MacDonald A, Baxter JN, Bessent RG, Gray HW, Finlay IG.
Department of Coloproctology, Royal Infirmary, Glasgow, UK.
BACKGROUND: Idiopathic slow transit constipation (ISTC) is considered to be a heterogeneous condition in which patients have varying sites and degrees of delayed gastrointestinal transit. The majority of patients have pancolonic disease, and colectomy with ileocolorectal anastomosis has been the mainstay of surgical treatment. Severe constipation following traumatic childbirth is now being recognized and this subgroup of patients may have delayed transit confined to the rectosigmoid colon. In theory, proximal transit in these patients should be normal. METHODS: Gastric emptying was studied in patients with constipation following childbirth or ISTC and in controls. After an overnight fast, both patients and controls received breakfast, which consisted of cornflakes, sugar and milk. The liquid marker 111In-labelled di-ethylene tri-amine penta-acetic acid (DTPA) was added to the milk. A solid marker, 99mTc-labelled colloid, was impregnated on to paper and sealed with cellulose. The t1/2 for gastric emptying was calculated. RESULTS: Liquid phase emptying was normal in both constipation following childbirth and ISTC. Solid phase emptying was delayed significantly in ISTC compared with that in patients with constipation following childbirth and controls. In addition, half the patients with ISTC had delayed transit through the small bowel and proximal colon. Small bowel and colonic transit were normal in patients with constipation following childbirth. CONCLUSION: Patients with constipation following childbirth represent a distinct subgroup with normal proximal gastrointestinal function. Gastric emptying studies may be helpful in selecting patients for surgical management of severe constipation.

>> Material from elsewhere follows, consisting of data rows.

(* Let $n\ge 25$ and let $S_n$ be the star graph with vertices $a_1,\dots,a_n$ and center $a_1$. Then $$\lim_{p\to\infty}\|M_{S_n}\|_p^p=\frac{1+\sqrt{n}}{2}.$$
   Context: For a finite connected graph $G=(V,E)$ with graph distance $d_G$ and $f:V\to\mathbb{R}$, $M_Gf(v)=\sup_{r\geq 0}\frac{1}{|B(v,r)|}\sum_{u\in B(v,r)}|f(u)|$, where $B(v,r)=\{u\in V: d_G(u,v)\le r\}$. For $g:V\to\mathbb{R}$, $\|g\|_p=(\sum_{v\in V}|g(v)|^p)^{1/p}$ and $\|M_G\|_p=\sup_{f\neq 0}\|M_Gf\|_p/\|f\|_p$. The star graph $S_n$ has vertices $a_1,\dots,a_n$ and edges exactly between $a_1$ and each $a_i$, $i\ge 2$. *)

theory Defs
  imports "HOL-Analysis.Analysis"
begin

definition edge_rel :: "'a set \<Rightarrow> ('a \<Rightarrow> 'a \<Rightarrow> bool) \<Rightarrow> ('a \<times> 'a) set" where
  "edge_rel V E = {(x, y). x \<in> V \<and> y \<in> V \<and> E x y}"

text \<open>Graph distance: length of a shortest walk (graph assumed connected).\<close>
definition graph_dist :: "'a set \<Rightarrow> ('a \<Rightarrow> 'a \<Rightarrow> bool) \<Rightarrow> 'a \<Rightarrow> 'a \<Rightarrow> nat" where
  "graph_dist V E u v = (LEAST k. (u, v) \<in> edge_rel V E ^^ k)"

definition gball :: "'a set \<Rightarrow> ('a \<Rightarrow> 'a \<Rightarrow> bool) \<Rightarrow> 'a \<Rightarrow> real \<Rightarrow> 'a set" where
  "gball V E v r = {u \<in> V. real (graph_dist V E u v) \<le> r}"

definition maxop :: "'a set \<Rightarrow> ('a \<Rightarrow> 'a \<Rightarrow> bool) \<Rightarrow> ('a \<Rightarrow> real) \<Rightarrow> 'a \<Rightarrow> real" where
  "maxop V E f v = (SUP r\<in>{0..}. (\<Sum>u\<in>gball V E v r. \<bar>f u\<bar>) / real (card (gball V E v r)))"

definition pnorm :: "'a set \<Rightarrow> real \<Rightarrow> ('a \<Rightarrow> real) \<Rightarrow> real" where
  "pnorm V p g = (\<Sum>v\<in>V. \<bar>g v\<bar> powr p) powr (1 / p)"

definition maxop_norm :: "'a set \<Rightarrow> ('a \<Rightarrow> 'a \<Rightarrow> bool) \<Rightarrow> real \<Rightarrow> real" where
  "maxop_norm V E p = (SUP f\<in>{f. \<exists>v\<in>V. f v \<noteq> 0}. pnorm V p (maxop V E f) / pnorm V p f)"

definition star_V :: "nat \<Rightarrow> nat set" where
  "star_V n = {1..n}"

definition star_E :: "nat \<Rightarrow> nat \<Rightarrow> bool" where
  "star_E x y = ((x = 1 \<and> y \<ge> 2) \<or> (y = 1 \<and> x \<ge> 2))"

end

(*
  On the star the maximal function is explicit: with a = |f a_1| and A the mean of |f|,
  M f (a_1) = max a A and M f (a_i) = max |f a_i| ((a + |f a_i|)/2) A for the leaves.

  Lower bound: f a_1 = 1 and f a_i = x with x^p = (1 + sqrt n)^-2 has ratio exactly
  (1 + sqrt n)/2 for every p, because (1 + x)/2 >= sqrt x.

  Upper bound: ((x + a)/2)^p <= (c a x)^(p/2) + (1 - delta/2)^p a^p with
  c = (2 - delta)^2 / (4 (1 - delta)), and Jensen gives A^p <= ||f||_p^p / n.  Bounding the
  geometric mean by AM-GM with a weight chosen according to the size of A^p relative to a^p
  yields ||M f||_p^p <= ((1 + sqrt n)/2 c^p + n (1 - delta/2)^p) ||f||_p^p for n >= 16.
  For delta = p^(-2/3) both c^p -> 1 and (1 - delta/2)^p -> 0.
*)

theory Submission
  imports Defs "HOL-Real_Asymp.Real_Asymp"
begin

lemma graph_dist_eqI:
  assumes "(u, v) \<in> edge_rel V E ^^ k" and "\<And>j. j < k \<Longrightarrow> (u, v) \<notin> edge_rel V E ^^ j"
  shows "graph_dist V E u v = k"
  unfolding graph_dist_def using assms by (intro Least_equality) (auto simp: not_less[symmetric])

lemma maxop_nonneg:
  assumes "finite V"
  shows "maxop V E f v \<ge> 0"
proof -
  define avg where "avg = (\<lambda>B. (\<Sum>u\<in>B. \<bar>f u\<bar>) / real (card B))"
  have "(\<lambda>r. avg (gball V E v r)) ` {0..} \<subseteq> avg ` Pow V"
    by (auto simp: gball_def)
  then have bdd: "bdd_above ((\<lambda>r. avg (gball V E v r)) ` {0..})"
    using assms by (meson bdd_above_mono finite_Pow_iff finite_imageI bdd_above_finite)
  have "0 \<le> avg (gball V E v 0)" by (simp add: avg_def sum_nonneg)
  also have "\<dots> \<le> (SUP r\<in>{0..}. avg (gball V E v r))"
    by (rule cSUP_upper) (use bdd in auto)
  finally show ?thesis by (simp add: maxop_def avg_def)
qed

lemma SUP_three_steps:
  fixes h :: "real \<Rightarrow> real"
  assumes "\<And>r. 0 \<le> r \<Longrightarrow> r < 1 \<Longrightarrow> h r = a"
    and "\<And>r. 1 \<le> r \<Longrightarrow> r < 2 \<Longrightarrow> h r = b"
    and "\<And>r. 2 \<le> r \<Longrightarrow> h r = c"
  shows "(SUP r\<in>{0..}. h r) = max a (max b c)"
proof -
  have "h ` {0..} = {a, b, c}"
  proof (intro equalityI subsetI)
    fix y assume "y \<in> h ` {0..}"
    then obtain r where "r \<ge> 0" "y = h r" by auto
    then show "y \<in> {a, b, c}" using assms by (cases "r < 1"; cases "r < 2") auto
  next
    fix y assume "y \<in> {a, b, c}"
    then have "y = h 0 \<or> y = h 1 \<or> y = h 2" using assms by force
    then show "y \<in> h ` {0..}" by force
  qed
  then show ?thesis by (simp add: cSup_eq_Max max.assoc)
qed

lemma star_edge_rel_iff:
  "(x, y) \<in> edge_rel (star_V n) star_E \<longleftrightarrow>
     x \<in> star_V n \<and> y \<in> star_V n \<and> (x = 1 \<and> y \<ge> 2 \<or> y = 1 \<and> x \<ge> 2)"
  by (simp add: edge_rel_def star_E_def)

lemma star_graph_dist:
  assumes "u \<in> star_V n" "v \<in> star_V n"
  shows "graph_dist (star_V n) star_E u v = (if u = v then 0 else if u = 1 \<or> v = 1 then 1 else 2)"
proof (rule graph_dist_eqI)
  have "1 \<in> star_V n" "u \<ge> 1" "v \<ge> 1" using assms by (auto simp: star_V_def)
  then show "(u, v) \<in> edge_rel (star_V n) star_E ^^
      (if u = v then 0 else if u = 1 \<or> v = 1 then 1 else 2)"
    using assms by (auto simp: star_edge_rel_iff numeral_2_eq_2 relcomp_unfold)
next
  fix j assume "j < (if u = v then 0 else if u = 1 \<or> v = 1 then 1 else 2::nat)"
  then have "j = 0 \<and> u \<noteq> v \<or> j = 1 \<and> u \<noteq> 1 \<and> v \<noteq> 1 \<and> u \<noteq> v" by (auto split: if_splits)
  then show "(u, v) \<notin> edge_rel (star_V n) star_E ^^ j" by (auto simp: star_edge_rel_iff)
qed

lemma star_gball_center:
  assumes "n \<ge> 1" "r \<ge> 0"
  shows "gball (star_V n) star_E 1 r = (if r < 1 then {1} else star_V n)"
proof -
  have "1 \<in> star_V n" using assms by (simp add: star_V_def)
  then show ?thesis using assms by (auto simp: gball_def star_graph_dist split: if_splits)
qed

lemma star_gball_leaf:
  assumes "i \<in> {2..n}" "r \<ge> 0"
  shows "gball (star_V n) star_E i r = (if r < 1 then {i} else if r < 2 then {1, i} else star_V n)"
proof -
  have "1 \<in> star_V n" "i \<in> star_V n" "i \<noteq> 1" using assms by (auto simp: star_V_def)
  then show ?thesis using assms by (auto simp: gball_def star_graph_dist split: if_splits)
qed

lemma card_star_V [simp]: "card (star_V n) = n"
  by (simp add: star_V_def)

lemma sum_star_V:
  assumes "n \<ge> 1"
  shows "(\<Sum>v\<in>star_V n. h v) = h 1 + (\<Sum>i\<in>{2..n}. h i)"
proof -
  have "star_V n = insert 1 {2..n}" using assms by (auto simp: star_V_def)
  then show ?thesis by simp
qed

lemma star_maxop_center:
  assumes "n \<ge> 1"
  shows "maxop (star_V n) star_E f 1 = max \<bar>f 1\<bar> ((\<Sum>u\<in>star_V n. \<bar>f u\<bar>) / n)"
proof -
  let ?A = "(\<Sum>u\<in>star_V n. \<bar>f u\<bar>) / n"
  have "maxop (star_V n) star_E f 1 = max \<bar>f 1\<bar> (max ?A ?A)"
    unfolding maxop_def
    \<comment> \<open>otherwise simp rewrites the vertex \<open>1\<close> to \<open>Suc 0\<close> and star_gball_center
      no longer matches\<close>
    by (rule SUP_three_steps) (simp_all add: star_gball_center assms del: One_nat_def)
  then show ?thesis by simp
qed

lemma star_maxop_leaf:
  assumes "i \<in> {2..n}"
  shows "maxop (star_V n) star_E f i =
    max \<bar>f i\<bar> (max ((\<bar>f 1\<bar> + \<bar>f i\<bar>) / 2) ((\<Sum>u\<in>star_V n. \<bar>f u\<bar>) / n))"
  unfolding maxop_def using assms
  by (intro SUP_three_steps) (auto simp: star_gball_leaf add.commute)

lemma convex_on_powr_nonneg:
  fixes p :: real
  assumes "p \<ge> 1"
  shows "convex_on {0..} (\<lambda>x. x powr p)"
proof (rule convex_on_linorderI)
  fix t x y :: real
  assume t: "0 < t" "t < 1" and xy: "x \<in> {0..}" "y \<in> {0..}" "x < y"
  show "((1 - t) *\<^sub>R x + t *\<^sub>R y) powr p \<le> (1 - t) * x powr p + t * y powr p"
  proof (cases "x = 0")
    case True
    have "(t * y) powr p = t powr p * y powr p" by (simp add: powr_mult)
    also have "\<dots> \<le> t * y powr p"
      using powr_le_one_le[of t p] t assms by (intro mult_right_mono) auto
    finally show ?thesis using True assms by simp
  next
    case False
    then show ?thesis using convex_onD[OF powr_convex[OF assms]] t xy by auto
  qed
qed (simp add: convex_real_interval)

lemma powr_mean_le_mean_powr:
  fixes p :: real and y :: "'a \<Rightarrow> real"
  assumes "p \<ge> 1" "finite V" "V \<noteq> {}" "\<And>v. v \<in> V \<Longrightarrow> y v \<ge> 0"
  shows "((\<Sum>v\<in>V. y v) / card V) powr p \<le> (\<Sum>v\<in>V. y v powr p) / card V"
proof -
  have "card V > 0" using assms by (simp add: card_gt_0_iff)
  then have "(\<Sum>v\<in>V. (1 / card V) *\<^sub>R y v) powr p \<le> (\<Sum>v\<in>V. 1 / card V * y v powr p)"
    using assms by (intro convex_on_sum[OF _ _ convex_on_powr_nonneg]) auto
  then show ?thesis by (simp add: sum_distrib_left[symmetric] sum_divide_distrib[symmetric])
qed

lemma max_powr:
  fixes u v p :: real
  assumes "0 \<le> u" "0 \<le> v" "0 \<le> p"
  shows "max u v powr p = max (u powr p) (v powr p)"
  using assms by (cases "u \<le> v") (auto simp: max_def intro: powr_mono2 dest: powr_mono2[of p v u])

lemma powr_midpoint_le:
  fixes \<delta> p x a :: real
  assumes \<delta>: "0 < \<delta>" "\<delta> < 1" and "0 \<le> p" "0 \<le> x" "x \<le> a"
  shows "((x + a) / 2) powr p
    \<le> ((2 - \<delta>)^2 / (4 * (1 - \<delta>)) * a * x) powr (p / 2) + (1 - \<delta> / 2) powr p * a powr p"
proof (cases "x \<le> (1 - \<delta>) * a")
  case True
  then have "((x + a) / 2) powr p \<le> ((1 - \<delta> / 2) * a) powr p"
    using assms by (intro powr_mono2) (auto simp: field_simps)
  then show ?thesis using assms by (simp add: add_increasing powr_mult)
next
  case False
  have "(1 - \<delta>) * x \<le> a" using assms by (smt (verit) mult_left_le_one_le)
  then have "(1 - \<delta>) * (x + a)^2 \<le> (1 - \<delta>) * (x + a)^2 + (x - (1 - \<delta>) * a) * (a - (1 - \<delta>) * x)"
    using False by simp
  also have "\<dots> = (2 - \<delta>)^2 * a * x" by (simp add: algebra_simps power2_eq_square)
  finally have "((x + a) / 2)^2 \<le> (2 - \<delta>)^2 / (4 * (1 - \<delta>)) * a * x"
    using \<delta> by (simp add: field_simps power2_eq_square)
  then have "(((x + a) / 2)^2) powr (p / 2) \<le> ((2 - \<delta>)^2 / (4 * (1 - \<delta>)) * a * x) powr (p / 2)"
    using assms by (intro powr_mono2) auto
  moreover have "(((x + a) / 2)^2) powr (p / 2) = ((x + a) / 2) powr p"
    using assms by (simp add: powr_powr flip: powr_numeral)
  ultimately have "((x + a) / 2) powr p \<le> ((2 - \<delta>)^2 / (4 * (1 - \<delta>)) * a * x) powr (p / 2)"
    by simp
  then show ?thesis by (simp add: add_increasing2)
qed

lemma powr_max_midpoint_le:
  fixes \<delta> p a x A :: real
  assumes \<delta>: "0 < \<delta>" "\<delta> < 1" and nonneg: "0 \<le> p" "0 \<le> a" "0 \<le> x" "0 \<le> A"
  defines "c \<equiv> (2 - \<delta>)^2 / (4 * (1 - \<delta>))"
  shows "max x (max ((a + x) / 2) A) powr p
    \<le> max (x powr p) (max (sqrt ((c * a) powr p * x powr p)) (A powr p))
      + (1 - \<delta> / 2) powr p * a powr p"
proof -
  define e where "e = (1 - \<delta> / 2) powr p * a powr p"
  have "0 \<le> e" by (simp add: e_def)
  have "((a + x) / 2) powr p \<le> max (x powr p) (sqrt ((c * a) powr p * x powr p)) + e"
  proof (cases "x \<le> a")
    case True
    have "c \<ge> 0" using \<delta> by (simp add: c_def)
    then have "sqrt ((c * a) powr p * x powr p) = (c * a * x) powr (p / 2)"
      using nonneg by (simp add: powr_half_sqrt_powr powr_mult real_sqrt_mult)
    moreover have "((a + x) / 2) powr p \<le> (c * a * x) powr (p / 2) + e"
      using powr_midpoint_le[OF \<delta> \<open>0 \<le> p\<close> \<open>0 \<le> x\<close> True]
      unfolding c_def e_def by (simp only: add.commute)
    ultimately show ?thesis
      using max.cobounded2[of "x powr p" "sqrt ((c * a) powr p * x powr p)"] by linarith
  next
    case False
    then have "((a + x) / 2) powr p \<le> x powr p" using nonneg by (intro powr_mono2) auto
    then show ?thesis using \<open>0 \<le> e\<close> max.cobounded1[of "x powr p"] by linarith
  qed
  moreover have "max x (max ((a + x) / 2) A) powr p
      = max (x powr p) (max (((a + x) / 2) powr p) (A powr p))"
    using nonneg by (simp add: max_powr)
  ultimately show ?thesis using \<open>0 \<le> e\<close> unfolding e_def[symmetric] by linarith
qed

Laxative online source: www.ncbi.nlm.nih.gov/entrez/query.fcgi?cmd=Retrieve&db=PubMed&list_uids=9278663&dopt=Abstract constipation laxative [PubMed - indexed for MEDL
Aust N Z J Surg. 1997 Aug;67(8):562-5.
Laparoscopic-assisted compared with open total colectomy in treating slow transit constipation.
Ho YH, Tan M, Eu KW, Leong A, Choen FS.
Department of Colorectal Surgery, Singapore General Hospital, Singapore.

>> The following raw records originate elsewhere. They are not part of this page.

lemma mpoly_mult_ne_zero:
  fixes f g :: "('n::finite, 'k::idom) mpoly"
  assumes "f \<noteq> 0" "g \<noteq> 0"
  shows "f * g \<noteq> 0"
proof -
  obtain e :: "'n \<Rightarrow> nat" where e: "inj e"
    using finite_imp_inj_to_nat_seg[of "UNIV :: 'n set"] by auto
  obtain a where a: "a \<in> Poly_Mapping.keys f"
      "\<forall>x\<in>Poly_Mapping.keys f. exponent_embedding e x \<le> exponent_embedding e a"
    using ex_max_image[of "Poly_Mapping.keys f"] assms(1) by auto
  obtain b where b: "b \<in> Poly_Mapping.keys g"
      "\<forall>y\<in>Poly_Mapping.keys g. exponent_embedding e y \<le> exponent_embedding e b"
    using ex_max_image[of "Poly_Mapping.keys g"] assms(2) by auto
  have "Poly_Mapping.lookup (f * g) (a + b) \<noteq> 0"
    using lookup_mult_max_exponents[OF e a b refl] a(1) b(1) by (simp add: in_keys_iff)
  then show ?thesis by auto
qed

section \<open>Minimal primes of Stanley--Reisner rings\<close>

definition support_ideal :: "('n set \<Rightarrow> bool) \<Rightarrow> ('n, 'k::comm_ring_1) mpoly set" where
  "support_ideal Q = {f. \<forall>\<alpha>\<in>Poly_Mapping.keys f. Q (Poly_Mapping.keys \<alpha>)}"

text \<open>The ideal \<open>(x\<^sub>v : v \<notin> F)\<close>: every monomial of its elements involves a variable outside \<open>F\<close>.\<close>
definition face_ideal :: "'n set \<Rightarrow> ('n, 'k::comm_ring_1) mpoly set" where
  "face_ideal F = support_ideal (\<lambda>S. \<not> S \<subseteq> F)"

definition facets :: "'n set set \<Rightarrow> 'n set set" where
  "facets K = {F\<in>K. \<forall>G\<in>K. F \<subseteq> G \<longrightarrow> G = F}"

definition sqfree_exponent :: "'n set \<Rightarrow> ('n \<Rightarrow>\<^sub>0 nat)" where
  "sqfree_exponent F = (\<Sum>v\<in>F. Poly_Mapping.single v 1)"

lemma lookup_sqfree_exponent:
  "finite F \<Longrightarrow> Poly_Mapping.lookup (sqfree_exponent F) w = (if w \<in> F then 1 else 0)"
  by (simp add: sqfree_exponent_def lookup_sum lookup_single when_def)

lemma keys_sqfree_exponent: "finite F \<Longrightarrow> Poly_Mapping.keys (sqfree_exponent F) = F"
  by (auto simp: in_keys_iff lookup_sqfree_exponent split: if_splits)

lemma sqfree_exponent_eq_iff: "sqfree_exponent A = sqfree_exponent B \<longleftrightarrow> A = (B :: 'n::finite set)"
  by (metis finite keys_sqfree_exponent)

lemma prod_pvar:
  "finite F \<Longrightarrow> (\<Prod>v\<in>F. pvar v) = (Poly_Mapping.single (sqfree_exponent F) 1 :: ('n, 'k::comm_ring_1) mpoly)"
proof (induction F rule: finite_induct)
  case (insert x F)
  then show ?case by (simp add: sqfree_exponent_def pvar_def mult_single add.commute)
qed (simp add: sqfree_exponent_def)

lemma keys_pvar: "Poly_Mapping.keys (pvar v :: ('n, 'k::comm_ring_1) mpoly) = {Poly_Mapping.single v 1}"
  by (simp add: pvar_def)

lemma is_ideal_support_ideal:
  assumes up: "\<And>A B. A \<subseteq> B \<Longrightarrow> Q A \<Longrightarrow> Q B"
  shows "is_ideal (support_ideal Q :: ('n, 'k::comm_ring_1) mpoly set)"
  unfolding is_ideal_def
proof (intro conjI ballI allI)
  show "0 \<in> support_ideal Q" by (simp add: support_ideal_def)
  fix a b :: "('n, 'k) mpoly" assume a: "a \<in> support_ideal Q" and b: "b \<in> support_ideal Q"
  show "a + b \<in> support_ideal Q"
    unfolding support_ideal_def
  proof (rule CollectI, rule ballI)
    fix \<alpha> assume "\<alpha> \<in> Poly_Mapping.keys (a + b)"
    then have "\<alpha> \<in> Poly_Mapping.keys a \<or> \<alpha> \<in> Poly_Mapping.keys b" using keys_add[of a b] by blast
    then show "Q (Poly_Mapping.keys \<alpha>)" using a b by (auto simp: support_ideal_def)
  qed
next
  fix r a :: "('n, 'k) mpoly" assume a: "a \<in> support_ideal Q"
  show "r * a \<in> support_ideal Q"
    unfolding support_ideal_def
  proof (rule CollectI, rule ballI)
    fix \<alpha> assume "\<alpha> \<in> Poly_Mapping.keys (r * a)"
    then obtain \<beta> where "\<beta> \<in> Poly_Mapping.keys a" "Poly_Mapping.keys \<beta> \<subseteq> Poly_Mapping.keys \<alpha>"
      by (rule keys_mult_obtain)
    then show "Q (Poly_Mapping.keys \<alpha>)" using a up by (auto simp: support_ideal_def)
  qed
qed

lemma is_ideal_face_ideal: "is_ideal (face_ideal F :: ('n, 'k::comm_ring_1) mpoly set)"
  unfolding face_ideal_def by (rule is_ideal_support_ideal) blast

lemma pvar_in_face_ideal_iff: "pvar v \<in> (face_ideal F :: ('n, 'k::comm_ring_1) mpoly set) \<longleftrightarrow> v \<notin> F"
  by (simp add: face_ideal_def support_ideal_def keys_pvar)

lemma single_eq_mult_pvar:
  assumes "v \<in> Poly_Mapping.keys \<alpha>"
  shows "(Poly_Mapping.single \<alpha> c :: ('n, 'k::comm_ring_1) mpoly)
    = Poly_Mapping.single (\<alpha> - Poly_Mapping.single v 1) c * pvar v"
proof -
  have "\<alpha> - Poly_Mapping.single v 1 + Poly_Mapping.single v 1 = \<alpha>"
  proof (rule poly_mapping_eqI)
    fix w
    have "Poly_Mapping.lookup \<alpha> v \<noteq> 0" using assms by (simp add: in_keys_iff)
    then show "Poly_Mapping.lookup (\<alpha> - Poly_Mapping.single v 1 + Poly_Mapping.single v 1) w
        = Poly_Mapping.lookup \<alpha> w"
      by (cases "v = w") (simp_all add: lookup_add lookup_minus lookup_single when_def)
  qed
  then show ?thesis by (simp add: pvar_def mult_single)
qed

lemma face_ideal_subset:
  assumes J: "is_ideal J" and vars: "\<And>v. v \<notin> F \<Longrightarrow> pvar v \<in> J"
  shows "face_ideal F \<subseteq> (J :: ('n, 'k::comm_ring_1) mpoly set)"
proof
  fix f :: "('n, 'k) mpoly" assume f: "f \<in> face_ideal F"
  have "Poly_Mapping.single \<alpha> (Poly_Mapping.lookup f \<alpha>) \<in> J" if "\<alpha> \<in> Poly_Mapping.keys f" for \<alpha>
  proof -
    have "\<not> Poly_Mapping.keys \<alpha> \<subseteq> F" using f that by (simp add: face_ideal_def support_ideal_def)
    then obtain v where "v \<in> Poly_Mapping.keys \<alpha>" "v \<notin> F" by blast
    then show ?thesis unfolding single_eq_mult_pvar[OF \<open>v \<in> Poly_Mapping.keys \<alpha>\<close>]
      by (intro ideal_mult_left_mem[OF J] vars)
  qed
  then have "(\<Sum>\<alpha>\<in>Poly_Mapping.keys f. Poly_Mapping.single \<alpha> (Poly_Mapping.lookup f \<alpha>)) \<in> J"
    by (intro ideal_sum_mem[OF J]) blast
  then show "f \<in> J" by (simp only: poly_mapping_sum_monomials[of f, symmetric])
qed

lemma face_ideal_subset_iff:
  "face_ideal A \<subseteq> (face_ideal B :: ('n, 'k::comm_ring_1) mpoly set) \<longleftrightarrow> B \<subseteq> A"
proof
  assume sub: "face_ideal A \<subseteq> (face_ideal B :: ('n, 'k) mpoly set)"
  show "B \<subseteq> A"
  proof
    fix v assume v: "v \<in> B"
    show "v \<in> A"
    proof (rule ccontr)
      assume "v \<notin> A"
      then have "(pvar v :: ('n, 'k) mpoly) \<in> face_ideal A" by (simp add: pvar_in_face_ideal_iff)
      then have "(pvar v :: ('n, 'k) mpoly) \<in> face_ideal B" using sub by (rule subsetD[rotated])
      then show False using v by (simp add: pvar_in_face_ideal_iff)
    qed
  qed
qed (auto simp: face_ideal_def support_ideal_def)

lemma face_ideal_eq_iff: "face_ideal A = (face_ideal B :: ('n, 'k::comm_ring_1) mpoly set) \<longleftrightarrow> A = B"
  unfolding set_eq_subset[of "face_ideal A"] face_ideal_subset_iff by auto

definition restrict_support :: "'n set \<Rightarrow> ('n, 'k::comm_ring_1) mpoly \<Rightarrow> ('n, 'k) mpoly" where
  "restrict_support F f = (\<Sum>\<alpha>\<in>{\<alpha>\<in>Poly_Mapping.keys f. Poly_Mapping.keys \<alpha> \<subseteq> F}.
      Poly_Mapping.single \<alpha> (Poly_Mapping.lookup f \<alpha>))"

lemma lookup_restrict_support:
  "Poly_Mapping.lookup (restrict_support F f) \<beta>
    = (if Poly_Mapping.keys \<beta> \<subseteq> F then Poly_Mapping.lookup f \<beta> else 0)"
  by (simp add: restrict_support_def lookup_sum lookup_single when_def sum.delta' in_keys_iff)

lemma keys_restrict_support:
  "\<alpha> \<in> Poly_Mapping.keys (restrict_support F f) \<Longrightarrow> Poly_Mapping.keys \<alpha> \<subseteq> F"
  by (metis in_keys_iff lookup_restrict_support)

lemma diff_restrict_support_in_face_ideal: "f - restrict_support F f \<in> face_ideal F"
  by (auto simp: face_ideal_def support_ideal_def in_keys_iff lookup_minus lookup_restrict_support)

lemma restrict_support_eq_0_iff: "restrict_support F f = 0 \<longleftrightarrow> f \<in> face_ideal F"
proof
  assume "restrict_support F f = 0"
  then show "f \<in> face_ideal F" using diff_restrict_support_in_face_ideal[of f F] by simp
next
  assume "f \<in> face_ideal F"
  then show "restrict_support F f = 0"
    by (intro poly_mapping_eqI) (auto simp: face_ideal_def support_ideal_def lookup_restrict_support in_keys_iff)
qed

text \<open>Primality: \<open>face_ideal F\<close> is the kernel of the substitution \<open>x\<^sub>v \<mapsto> 0\<close> for \<open>v \<notin> F\<close>, realised
  by \<open>restrict_support F\<close>, which is multiplicative modulo \<open>face_ideal F\<close>.\<close>
lemma is_prime_ideal_face_ideal: "is_prime_ideal (face_ideal F :: ('n::finite, 'k::idom) mpoly set)"
  unfolding is_prime_ideal_def
proof (intro conjI allI impI)
  let ?P = "face_ideal F :: ('n, 'k) mpoly set"
  show I: "is_ideal ?P" by (rule is_ideal_face_ideal)
  have "1 \<notin> ?P" by (simp add: face_ideal_def support_ideal_def)
  then show "?P \<noteq> UNIV" by blast
  fix a b :: "('n, 'k) mpoly" assume ab: "a * b \<in> ?P"
  let ?a = "restrict_support F a" and ?b = "restrict_support F b"
  have "?a * ?b = a * b - ?a * (b - ?b) - (a - ?a) * b" by (simp add: algebra_simps)
  moreover have "a * b - ?a * (b - ?b) - (a - ?a) * b \<in> ?P"
    by (intro ideal_diff_mem[OF I] ab ideal_mult_left_mem[OF I] ideal_mult_right_mem[OF I]
        diff_restrict_support_in_face_ideal)
  ultimately have "?a * ?b \<in> ?P" by simp
  moreover have "Poly_Mapping.keys \<alpha> \<subseteq> F" if \<alpha>: "\<alpha> \<in> Poly_Mapping.keys (?a * ?b)" for \<alpha>
  proof -
    obtain x y where "\<alpha> = x + y" "x \<in> Poly_Mapping.keys ?a" "y \<in> Poly_Mapping.keys ?b"
      using subsetD[OF keys_mult \<alpha>] by blast
    then show ?thesis using keys_restrict_support[of x F a] keys_restrict_support[of y F b]
      by (simp add: keys_add_nat)
  qed
  ultimately have "?a * ?b = 0" by (auto simp: face_ideal_def support_ideal_def)
  then have "?a = 0 \<or> ?b = 0" using mpoly_mult_ne_zero by blast
  then show "a \<in> ?P \<or> b \<in> ?P" by (simp add: restrict_support_eq_0_iff)
qed

lemma exists_facet_superset:
  assumes "F \<in> (K :: 'n::finite set set)"
  shows "\<exists>G\<in>facets K. F \<subseteq> G"
proof -
  have "finite K" by (rule finite_subset[of _ "Pow UNIV"]) auto
  from finite_has_maximal2[OF this assms] obtain G
    where "G \<in> K" "F \<subseteq> G" "\<forall>H\<in>K. G \<subseteq> H \<longrightarrow> G = H"
    by blast
  then show ?thesis unfolding facets_def by blast
qed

BACKGROUND: Total colectomy is the procedure of choice when slow transit constipation (STC) can be confidently diagnosed. A laparoscopic-assisted technique (LTC) may be potentially advantageous over traditional open technique (OTC) in the treatment of this benign condition. METHODS: A historical control (non-randomized) study was performed on patients diagnosed to have STC after clinical, anorectal physiologic and transit marker studies. All earlier consecutive patients underwent OTC and the latter consecutive patients underwent LTC. The intra-operative time, blood loss, postoperative ileus recovery, duration of hospitalization and complications were recorded. A bowel function and patient satisfaction questionnaire was administered on follow-up. RESULTS: Twenty-four of 411 patients were found to have STC; 17 (2 men, 15 women; mean age, 40 (standard error of mean [SEM] 5) years) underwent OTC and 7 (2 men, 5 women; mean age, 39.5 (SEM 6) years) underwent LTC. There were significant improvements in the stool frequency, need for assisted evacuation and abdominal distension (P < 0.05) after both procedures; 96% were fully satisfied with the resulting bowel function. However, OTC patients were less satisfied with the cosmetic outcome (P < 0.05). Intra-operative time for LTC was longer by a mean 74 min (P < 0.05). Postoperative blood loss, recovery of ileus and hospitalization time were the same in both groups. There were no deaths. The complication rates were 43% for LTC and 24% for OTC. The predominant complication was bowel obstruction for which two patients (both OTC) required adhesiolysis. CONCLUSIONS: Both OTC and LTC improve bowel function for STC;LTC gives a better cosmetic result, but takes longer to perform.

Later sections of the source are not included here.